■ Exercise:
Could you repeat all of the entries below, character for character?

■ Information given:
== Segment start ==
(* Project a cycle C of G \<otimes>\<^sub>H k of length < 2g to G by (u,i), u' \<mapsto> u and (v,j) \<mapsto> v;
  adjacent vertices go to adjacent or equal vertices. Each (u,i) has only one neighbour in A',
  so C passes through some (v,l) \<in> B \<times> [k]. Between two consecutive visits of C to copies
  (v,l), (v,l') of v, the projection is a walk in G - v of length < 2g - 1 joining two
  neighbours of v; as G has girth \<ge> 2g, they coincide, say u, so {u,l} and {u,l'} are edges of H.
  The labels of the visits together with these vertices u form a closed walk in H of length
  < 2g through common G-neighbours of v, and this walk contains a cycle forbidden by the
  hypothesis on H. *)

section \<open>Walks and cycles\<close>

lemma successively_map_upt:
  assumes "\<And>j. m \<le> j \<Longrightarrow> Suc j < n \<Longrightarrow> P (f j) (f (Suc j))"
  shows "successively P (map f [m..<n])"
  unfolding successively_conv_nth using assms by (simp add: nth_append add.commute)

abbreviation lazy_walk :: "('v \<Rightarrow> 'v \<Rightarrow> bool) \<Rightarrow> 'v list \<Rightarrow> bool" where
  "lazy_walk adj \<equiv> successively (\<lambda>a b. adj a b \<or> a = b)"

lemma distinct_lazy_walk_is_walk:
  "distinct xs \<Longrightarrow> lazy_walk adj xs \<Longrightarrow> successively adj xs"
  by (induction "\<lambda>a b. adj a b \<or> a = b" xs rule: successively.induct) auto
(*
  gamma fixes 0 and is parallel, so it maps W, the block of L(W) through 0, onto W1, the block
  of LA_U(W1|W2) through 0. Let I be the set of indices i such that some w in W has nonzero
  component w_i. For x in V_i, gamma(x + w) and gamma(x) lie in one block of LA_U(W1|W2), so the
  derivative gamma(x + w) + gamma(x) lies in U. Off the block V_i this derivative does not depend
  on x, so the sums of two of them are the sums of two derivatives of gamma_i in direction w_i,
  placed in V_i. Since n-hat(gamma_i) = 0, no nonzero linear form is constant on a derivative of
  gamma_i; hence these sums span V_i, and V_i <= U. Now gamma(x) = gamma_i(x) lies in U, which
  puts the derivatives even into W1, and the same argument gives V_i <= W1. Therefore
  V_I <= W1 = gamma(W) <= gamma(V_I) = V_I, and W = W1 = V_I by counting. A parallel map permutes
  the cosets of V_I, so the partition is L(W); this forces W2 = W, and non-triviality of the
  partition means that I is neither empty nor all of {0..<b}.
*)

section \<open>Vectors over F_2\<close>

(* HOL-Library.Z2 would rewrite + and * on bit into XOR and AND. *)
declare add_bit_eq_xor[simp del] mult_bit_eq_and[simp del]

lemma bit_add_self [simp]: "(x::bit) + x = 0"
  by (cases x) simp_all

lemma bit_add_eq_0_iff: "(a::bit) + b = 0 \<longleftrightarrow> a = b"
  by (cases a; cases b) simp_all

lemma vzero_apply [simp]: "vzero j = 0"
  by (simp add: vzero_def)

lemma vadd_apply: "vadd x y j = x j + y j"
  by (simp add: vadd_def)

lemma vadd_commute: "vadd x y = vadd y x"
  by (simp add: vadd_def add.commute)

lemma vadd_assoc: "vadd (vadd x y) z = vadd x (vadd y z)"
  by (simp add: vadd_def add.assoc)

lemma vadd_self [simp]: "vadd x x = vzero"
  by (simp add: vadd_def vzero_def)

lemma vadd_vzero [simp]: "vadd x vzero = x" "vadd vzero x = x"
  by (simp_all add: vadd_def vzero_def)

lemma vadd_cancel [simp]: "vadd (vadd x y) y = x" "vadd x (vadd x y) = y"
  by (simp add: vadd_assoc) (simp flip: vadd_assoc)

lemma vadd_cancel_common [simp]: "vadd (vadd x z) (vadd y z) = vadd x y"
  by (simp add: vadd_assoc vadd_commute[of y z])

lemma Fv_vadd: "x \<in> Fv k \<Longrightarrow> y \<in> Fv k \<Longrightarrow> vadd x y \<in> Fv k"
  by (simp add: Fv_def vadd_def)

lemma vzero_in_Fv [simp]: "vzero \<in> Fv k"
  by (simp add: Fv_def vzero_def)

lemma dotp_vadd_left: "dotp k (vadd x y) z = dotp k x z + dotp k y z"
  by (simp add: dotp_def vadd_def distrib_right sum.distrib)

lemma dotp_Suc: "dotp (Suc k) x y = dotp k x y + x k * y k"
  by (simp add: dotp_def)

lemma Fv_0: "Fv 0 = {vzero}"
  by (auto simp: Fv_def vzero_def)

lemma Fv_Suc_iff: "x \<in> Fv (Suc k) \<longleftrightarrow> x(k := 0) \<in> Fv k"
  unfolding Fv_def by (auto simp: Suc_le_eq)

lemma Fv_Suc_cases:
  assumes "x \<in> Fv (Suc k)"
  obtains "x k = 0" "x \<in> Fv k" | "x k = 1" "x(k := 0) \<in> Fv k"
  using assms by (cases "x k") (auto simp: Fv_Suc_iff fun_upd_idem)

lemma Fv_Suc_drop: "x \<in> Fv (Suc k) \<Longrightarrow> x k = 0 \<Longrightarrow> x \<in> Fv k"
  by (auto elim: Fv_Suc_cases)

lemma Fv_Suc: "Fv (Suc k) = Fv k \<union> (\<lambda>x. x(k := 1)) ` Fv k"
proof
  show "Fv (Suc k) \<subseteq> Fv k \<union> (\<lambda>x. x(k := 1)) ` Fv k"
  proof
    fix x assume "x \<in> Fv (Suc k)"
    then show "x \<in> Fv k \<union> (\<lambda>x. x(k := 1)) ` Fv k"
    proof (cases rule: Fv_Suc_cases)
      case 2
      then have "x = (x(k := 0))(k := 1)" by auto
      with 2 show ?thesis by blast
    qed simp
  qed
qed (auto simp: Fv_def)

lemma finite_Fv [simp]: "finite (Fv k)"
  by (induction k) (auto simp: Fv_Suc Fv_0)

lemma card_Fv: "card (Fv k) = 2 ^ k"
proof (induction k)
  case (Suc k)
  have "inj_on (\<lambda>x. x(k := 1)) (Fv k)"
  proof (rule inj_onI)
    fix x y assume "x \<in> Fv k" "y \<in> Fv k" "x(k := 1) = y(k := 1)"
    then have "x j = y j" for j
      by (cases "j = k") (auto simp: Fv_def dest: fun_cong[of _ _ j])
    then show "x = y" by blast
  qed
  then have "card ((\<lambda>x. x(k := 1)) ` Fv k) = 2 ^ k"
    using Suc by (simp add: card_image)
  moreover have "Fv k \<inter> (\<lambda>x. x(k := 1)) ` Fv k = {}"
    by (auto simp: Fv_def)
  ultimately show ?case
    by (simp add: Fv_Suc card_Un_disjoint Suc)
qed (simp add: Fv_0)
== Segment end ==
■ Reply:
(* Project a cycle C of G \<otimes>\<^sub>H k of length < 2g to G by (u,i), u' \<mapsto> u and (v,j) \<mapsto> v;
  adjacent vertices go to adjacent or equal vertices. Each (u,i) has only one neighbour in A',
  so C passes through some (v,l) \<in> B \<times> [k]. Between two consecutive visits of C to copies
  (v,l), (v,l') of v, the projection is a walk in G - v of length < 2g - 1 joining two
  neighbours of v; as G has girth \<ge> 2g, they coincide, say u, so {u,l} and {u,l'} are edges of H.
  The labels of the visits together with these vertices u form a closed walk in H of length
  < 2g through common G-neighbours of v, and this walk contains a cycle forbidden by the
  hypothesis on H. *)

section \<open>Walks and cycles\<close>

lemma successively_map_upt:
  assumes "\<And>j. m \<le> j \<Longrightarrow> Suc j < n \<Longrightarrow> P (f j) (f (Suc j))"
  shows "successively P (map f [m..<n])"
  unfolding successively_conv_nth using assms by (simp add: nth_append add.commute)

abbreviation lazy_walk :: "('v \<Rightarrow> 'v \<Rightarrow> bool) \<Rightarrow> 'v list \<Rightarrow> bool" where
  "lazy_walk adj \<equiv> successively (\<lambda>a b. adj a b \<or> a = b)"

lemma distinct_lazy_walk_is_walk:
  "distinct xs \<Longrightarrow> lazy_walk adj xs \<Longrightarrow> successively adj xs"
  by (induction "\<lambda>a b. adj a b \<or> a = b" xs rule: successively.induct) auto
(*
  gamma fixes 0 and is parallel, so it maps W, the block of L(W) through 0, onto W1, the block
  of LA_U(W1|W2) through 0. Let I be the set of indices i such that some w in W has nonzero
  component w_i. For x in V_i, gamma(x + w) and gamma(x) lie in one block of LA_U(W1|W2), so the
  derivative gamma(x + w) + gamma(x) lies in U. Off the block V_i this derivative does not depend
  on x, so the sums of two of them are the sums of two derivatives of gamma_i in direction w_i,
  placed in V_i. Since n-hat(gamma_i) = 0, no nonzero linear form is constant on a derivative of
  gamma_i; hence these sums span V_i, and V_i <= U. Now gamma(x) = gamma_i(x) lies in U, which
  puts the derivatives even into W1, and the same argument gives V_i <= W1. Therefore
  V_I <= W1 = gamma(W) <= gamma(V_I) = V_I, and W = W1 = V_I by counting. A parallel map permutes
  the cosets of V_I, so the partition is L(W); this forces W2 = W, and non-triviality of the
  partition means that I is neither empty nor all of {0..<b}.
*)

section \<open>Vectors over F_2\<close>

(* HOL-Library.Z2 would rewrite + and * on bit into XOR and AND. *)
declare add_bit_eq_xor[simp del] mult_bit_eq_and[simp del]

lemma bit_add_self [simp]: "(x::bit) + x = 0"
  by (cases x) simp_all

lemma bit_add_eq_0_iff: "(a::bit) + b = 0 \<longleftrightarrow> a = b"
  by (cases a; cases b) simp_all

lemma vzero_apply [simp]: "vzero j = 0"
  by (simp add: vzero_def)

lemma vadd_apply: "vadd x y j = x j + y j"
  by (simp add: vadd_def)

lemma vadd_commute: "vadd x y = vadd y x"
  by (simp add: vadd_def add.commute)

lemma vadd_assoc: "vadd (vadd x y) z = vadd x (vadd y z)"
  by (simp add: vadd_def add.assoc)

lemma vadd_self [simp]: "vadd x x = vzero"
  by (simp add: vadd_def vzero_def)

lemma vadd_vzero [simp]: "vadd x vzero = x" "vadd vzero x = x"
  by (simp_all add: vadd_def vzero_def)

lemma vadd_cancel [simp]: "vadd (vadd x y) y = x" "vadd x (vadd x y) = y"
  by (simp add: vadd_assoc) (simp flip: vadd_assoc)

lemma vadd_cancel_common [simp]: "vadd (vadd x z) (vadd y z) = vadd x y"
  by (simp add: vadd_assoc vadd_commute[of y z])

lemma Fv_vadd: "x \<in> Fv k \<Longrightarrow> y \<in> Fv k \<Longrightarrow> vadd x y \<in> Fv k"
  by (simp add: Fv_def vadd_def)

lemma vzero_in_Fv [simp]: "vzero \<in> Fv k"
  by (simp add: Fv_def vzero_def)

lemma dotp_vadd_left: "dotp k (vadd x y) z = dotp k x z + dotp k y z"
  by (simp add: dotp_def vadd_def distrib_right sum.distrib)

lemma dotp_Suc: "dotp (Suc k) x y = dotp k x y + x k * y k"
  by (simp add: dotp_def)

lemma Fv_0: "Fv 0 = {vzero}"
  by (auto simp: Fv_def vzero_def)

lemma Fv_Suc_iff: "x \<in> Fv (Suc k) \<longleftrightarrow> x(k := 0) \<in> Fv k"
  unfolding Fv_def by (auto simp: Suc_le_eq)

lemma Fv_Suc_cases:
  assumes "x \<in> Fv (Suc k)"
  obtains "x k = 0" "x \<in> Fv k" | "x k = 1" "x(k := 0) \<in> Fv k"
  using assms by (cases "x k") (auto simp: Fv_Suc_iff fun_upd_idem)

lemma Fv_Suc_drop: "x \<in> Fv (Suc k) \<Longrightarrow> x k = 0 \<Longrightarrow> x \<in> Fv k"
  by (auto elim: Fv_Suc_cases)

lemma Fv_Suc: "Fv (Suc k) = Fv k \<union> (\<lambda>x. x(k := 1)) ` Fv k"
proof
  show "Fv (Suc k) \<subseteq> Fv k \<union> (\<lambda>x. x(k := 1)) ` Fv k"
  proof
    fix x assume "x \<in> Fv (Suc k)"
    then show "x \<in> Fv k \<union> (\<lambda>x. x(k := 1)) ` Fv k"
    proof (cases rule: Fv_Suc_cases)
      case 2
      then have "x = (x(k := 0))(k := 1)" by auto
      with 2 show ?thesis by blast
    qed simp
  qed
qed (auto simp: Fv_def)

lemma finite_Fv [simp]: "finite (Fv k)"
  by (induction k) (auto simp: Fv_Suc Fv_0)

lemma card_Fv: "card (Fv k) = 2 ^ k"
proof (induction k)
  case (Suc k)
  have "inj_on (\<lambda>x. x(k := 1)) (Fv k)"
  proof (rule inj_onI)
    fix x y assume "x \<in> Fv k" "y \<in> Fv k" "x(k := 1) = y(k := 1)"
    then have "x j = y j" for j
      by (cases "j = k") (auto simp: Fv_def dest: fun_cong[of _ _ j])
    then show "x = y" by blast
  qed
  then have "card ((\<lambda>x. x(k := 1)) ` Fv k) = 2 ^ k"
    using Suc by (simp add: card_image)
  moreover have "Fv k \<inter> (\<lambda>x. x(k := 1)) ` Fv k = {}"
    by (auto simp: Fv_def)
  ultimately show ?case
    by (simp add: Fv_Suc card_Un_disjoint Suc)
qed (simp add: Fv_0)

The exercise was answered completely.